Talha Ahsan and co-defendant Babar Ahmad were extradited to the US in October 2012 to face terrorism charges related to their involvement with a website that published information about armed jihad in Muslim countries. Both men are British citizens. The US claimed jurisdiction solely because the website had, for a short time, been hosted on a server in Connecticut.
In a plea bargain with prosecutors, both men pled guilty to providing and conspiring to provide material support for terrorism. 97% of federal cases in the US end in this way. Anyone who chooses to go to trial is at risk of a vicious sentence if convicted. The ubiquity of long sentences under conditions of isolation that amount to torture makes the stakes too high for most people.
They were sentenced on 16 July 2014 by a US federal court in Newhaven, Connecticut. Prosecutors had requested a sentence of 25 years for Babar Ahmad and 15 years for Talha Ahsan, whose involvement with the website was minimal and lasted for only about 6 months. But Judge Janet Hall found much of the material presented by prosecutors to be unreliable. She handed down a 12½ year sentence to Babar Ahmad, with credit for the 10 years he served before trial. This means that he may be free in less than a year.

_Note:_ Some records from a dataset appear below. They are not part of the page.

lemma ancestor_of_arc_target:
  assumes bt: "burling_tree V r p l c" and "x \<in> V" "y \<in> c x" "descendant p r y a"
  shows "a \<in> c x \<or> descendant p r x a"
proof -
  obtain n where ya: "nth_ancestor p r n y a" using assms(4) unfolding descendant_def by blast
  obtain xs t where xs: "is_branch V r p xs" "set xs = c x" "xs ! 0 = l (p x)"
    and "t < length xs" "xs ! t = y"
    by (rule arc_target_on_branch[OF assms(1-3)])
  note sib = arc_source_siblings[OF assms(1-3)]
  show ?thesis
  proof (cases "n \<le> t")
    case True
    then have "nth_ancestor p r n y (xs ! (t - n))"
      using branch_nth_ancestor[OF xs(1), of "t - n" n] \<open>t < length xs\<close> \<open>xs ! t = y\<close>
      by (simp add: le_add_diff_inverse2)
    then have "a = xs ! (t - n)" by (rule nth_ancestor_unique[OF ya])
    then have "a \<in> set xs" using \<open>t < length xs\<close> by simp
    with xs(2) show ?thesis by simp
  next
    case False
    have "nth_ancestor p r t y (l (p x))"
      using branch_nth_ancestor[OF xs(1), of 0 t] xs(3) \<open>t < length xs\<close> \<open>xs ! t = y\<close> by simp
    from nth_ancestor_diff[OF ya this] False
    have "nth_ancestor p r (Suc (n - t - 1)) (l (p x)) a" by (simp add: Suc_diff_Suc)
    then have "nth_ancestor p r (n - t - 1) (p x) a"
      using sib(2) unfolding children_def by simp
    then have "descendant p r (p x) a" unfolding descendant_def by blast
    moreover have "x \<noteq> r" using sib(1) unfolding children_def by simp
    ultimately show ?thesis using descendant_trans descendant_parent by fast
  qed
qed

lemma last_index_not_satisfying:
  assumes "xs \<noteq> []" "\<not> P (hd xs)" "P (last xs)"
  obtains q where "Suc q < length xs" "\<not> P (xs ! q)" "\<forall>i. q < i \<and> i < length xs \<longrightarrow> P (xs ! i)"
proof -
  define Q where "Q = {i. i < length xs \<and> \<not> P (xs ! i)}"
  have "0 \<in> Q" using assms(1,2) unfolding Q_def by (simp add: hd_conv_nth)
  moreover have "finite Q" unfolding Q_def by simp
  ultimately have q: "Max Q \<in> Q" "\<forall>i\<in>Q. i \<le> Max Q" using Max_in by auto
  have "length xs - 1 \<notin> Q" using assms(1,3) unfolding Q_def by (simp add: last_conv_nth)
  with q(1) have "Max Q \<noteq> length xs - 1" by auto
  moreover have "Max Q < length xs" "\<not> P (xs ! Max Q)" using q(1) unfolding Q_def by auto
  ultimately have "Suc (Max Q) < length xs" "\<not> P (xs ! Max Q)" by auto
  moreover have "P (xs ! i)" if "Max Q < i" "i < length xs" for i
  proof (rule ccontr)
    assume "\<not> P (xs ! i)"
    then have "i \<in> Q" using that(2) unfolding Q_def by simp
    with q(2) that(1) show False by auto
  qed
  ultimately show ?thesis using that by blast
qed

lemma comparable_not_adj:
  assumes "burling_tree V r p l c" "S \<subseteq> V" "x \<in> S" "y \<in> S"
    and "descendant p r x y \<or> descendant p r y x"
  shows "\<not> adj (derived_arcs S c) x y"
  using assms arc_ends_incomparable[OF assms(1)] unfolding adj_def derived_arcs_def by blast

He is expected to serve his sentence in Britain. And she sentenced Talha Ahsan to the 8 years he has already served. So he would now be free, but for his difficulty with the US immigration authorities.
Judge Janet Hall’s decision amounts to a motion of no confidence in the approach taken by US prosecutors in these cases, and perhaps in others too. It should raise awkward questions about the conduct of the British and US authorities, and especially about their dogged determination to ensure that Babar Ahmad and Talha Ahsan were tried in the US rather than Britain, even though the men’s supposedly criminal conduct took place in Britain and virtually all of the evidence against them was gathered in Britain.